*** Opening Entries provided ***

lemma lex_less_asym:
  "Poly_Mapping.keys m1 \<subseteq> V \<Longrightarrow> Poly_Mapping.keys m2 \<subseteq> V \<Longrightarrow> lex_less lt m1 m2 \<Longrightarrow> \<not> lex_less lt m2 m1"
  using lex_less_trans[of m1 m2 m1] lex_less_irrefl by blast

lemma lex_less_total:
  assumes V: "Poly_Mapping.keys m1 \<subseteq> V" "Poly_Mapping.keys m2 \<subseteq> V" and "m1 \<noteq> m2"
  shows "lex_less lt m1 m2 \<or> lex_less lt m2 m1"
proof -
  define D where "D = {v. Poly_Mapping.lookup m1 v \<noteq> Poly_Mapping.lookup m2 v}"
  have D_keys: "D \<subseteq> Poly_Mapping.keys m1 \<union> Poly_Mapping.keys m2"
    unfolding D_def by (auto simp: in_keys_iff)
  have "finite D"
    using D_keys by (rule finite_subset) simp
  have "D \<subseteq> V"
    using D_keys V by blast
  have "D \<noteq> {}"
  proof
    assume "D = {}"
    then have "m1 = m2"
      unfolding D_def by (intro poly_mapping_eqI) auto
    with \<open>m1 \<noteq> m2\<close> show False ..
  qed
  then obtain v where "v \<in> D" and max: "\<And>w. w \<in> D \<Longrightarrow> w \<noteq> v \<Longrightarrow> \<not> lt v w"
    using Finite_Set.bex_max_element[of D lt] \<open>finite D\<close> \<open>D \<subseteq> V\<close> asymp_on_subset[OF asymp_on_lt]
      transp_on_subset[OF transp_on_lt] by blast
  have agree: "Poly_Mapping.lookup m1 w = Poly_Mapping.lookup m2 w" if "lt v w" for w
    using that max irrefl \<open>v \<in> D\<close> \<open>D \<subseteq> V\<close> unfolding D_def by blast
  from \<open>v \<in> D\<close> consider "Poly_Mapping.lookup m1 v < Poly_Mapping.lookup m2 v"
    | "Poly_Mapping.lookup m2 v < Poly_Mapping.lookup m1 v"
    unfolding D_def by fastforce
  then show ?thesis
    unfolding lex_less_def using agree by cases (metis, metis)
qed

lemma finite_ex_lex_greatest:
  assumes "finite K" "K \<noteq> {}" "\<forall>m\<in>K. Poly_Mapping.keys m \<subseteq> V"
  obtains m where "m \<in> K" "\<And>m'. m' \<in> K \<Longrightarrow> m' \<noteq> m \<Longrightarrow> lex_less lt m' m"
proof -
  have "asymp_on K (lex_less lt)"
    using assms(3) lex_less_asym by (blast intro: asymp_onI)
  moreover have "transp_on K (lex_less lt)"
    using assms(3) lex_less_trans by (blast intro: transp_onI)
  ultimately obtain m where "m \<in> K" "\<forall>m'\<in>K. m' \<noteq> m \<longrightarrow> \<not> lex_less lt m m'"
    using Finite_Set.bex_max_element assms(1,2) by blast
  then show ?thesis
    using that lex_less_total assms(3) by blast
qed

lemma lead_mon_eqI:
  assumes "\<forall>t\<in>Poly_Mapping.keys f. Poly_Mapping.keys t \<subseteq> V" and "m \<in> Poly_Mapping.keys f"
    and "\<And>m'. m' \<in> Poly_Mapping.keys f \<Longrightarrow> m' \<noteq> m \<Longrightarrow> lex_less lt m' m"
  shows "lead_mon lt f = m"
  unfolding lead_mon_def
proof (rule the_equality)
  show "m \<in> Poly_Mapping.keys f \<and> (\<forall>m'\<in>Poly_Mapping.keys f. m' \<noteq> m \<longrightarrow> lex_less lt m' m)"
    using assms(2,3) by blast
  fix m2
  assume m2: "m2 \<in> Poly_Mapping.keys f \<and> (\<forall>m'\<in>Poly_Mapping.keys f. m' \<noteq> m2 \<longrightarrow> lex_less lt m' m2)"
  show "m2 = m"
  proof (rule ccontr)
    assume "m2 \<noteq> m"
    then have "lex_less lt m2 m" "lex_less lt m m2"
      using assms(3) m2 assms(2) by auto
    then show False
      using lex_less_asym assms(1,2) m2 by blast
  qed
qed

*** Closing Entries provided ***

● Task to carry out
Transcribe the opening lines of the listing exactly, please. Stop after the line that contains "using that max".

● Expected output
lemma lex_less_asym:
  "Poly_Mapping.keys m1 \<subseteq> V \<Longrightarrow> Poly_Mapping.keys m2 \<subseteq> V \<Longrightarrow> lex_less lt m1 m2 \<Longrightarrow> \<not> lex_less lt m2 m1"
  using lex_less_trans[of m1 m2 m1] lex_less_irrefl by blast

lemma lex_less_total:
  assumes V: "Poly_Mapping.keys m1 \<subseteq> V" "Poly_Mapping.keys m2 \<subseteq> V" and "m1 \<noteq> m2"
  shows "lex_less lt m1 m2 \<or> lex_less lt m2 m1"
proof -
  define D where "D = {v. Poly_Mapping.lookup m1 v \<noteq> Poly_Mapping.lookup m2 v}"
  have D_keys: "D \<subseteq> Poly_Mapping.keys m1 \<union> Poly_Mapping.keys m2"
    unfolding D_def by (auto simp: in_keys_iff)
  have "finite D"
    using D_keys by (rule finite_subset) simp
  have "D \<subseteq> V"
    using D_keys V by blast
  have "D \<noteq> {}"
  proof
    assume "D = {}"
    then have "m1 = m2"
      unfolding D_def by (intro poly_mapping_eqI) auto
    with \<open>m1 \<noteq> m2\<close> show False ..
  qed
  then obtain v where "v \<in> D" and max: "\<And>w. w \<in> D \<Longrightarrow> w \<noteq> v \<Longrightarrow> \<not> lt v w"
    using Finite_Set.bex_max_element[of D lt] \<open>finite D\<close> \<open>D \<subseteq> V\<close> asymp_on_subset[OF asymp_on_lt]
      transp_on_subset[OF transp_on_lt] by blast
  have agree: "Poly_Mapping.lookup m1 w = Poly_Mapping.lookup m2 w" if "lt v w" for w
    using that max irrefl \<open>v \<in> D\<close> \<open>D \<subseteq> V\<close> unfolding D_def by blast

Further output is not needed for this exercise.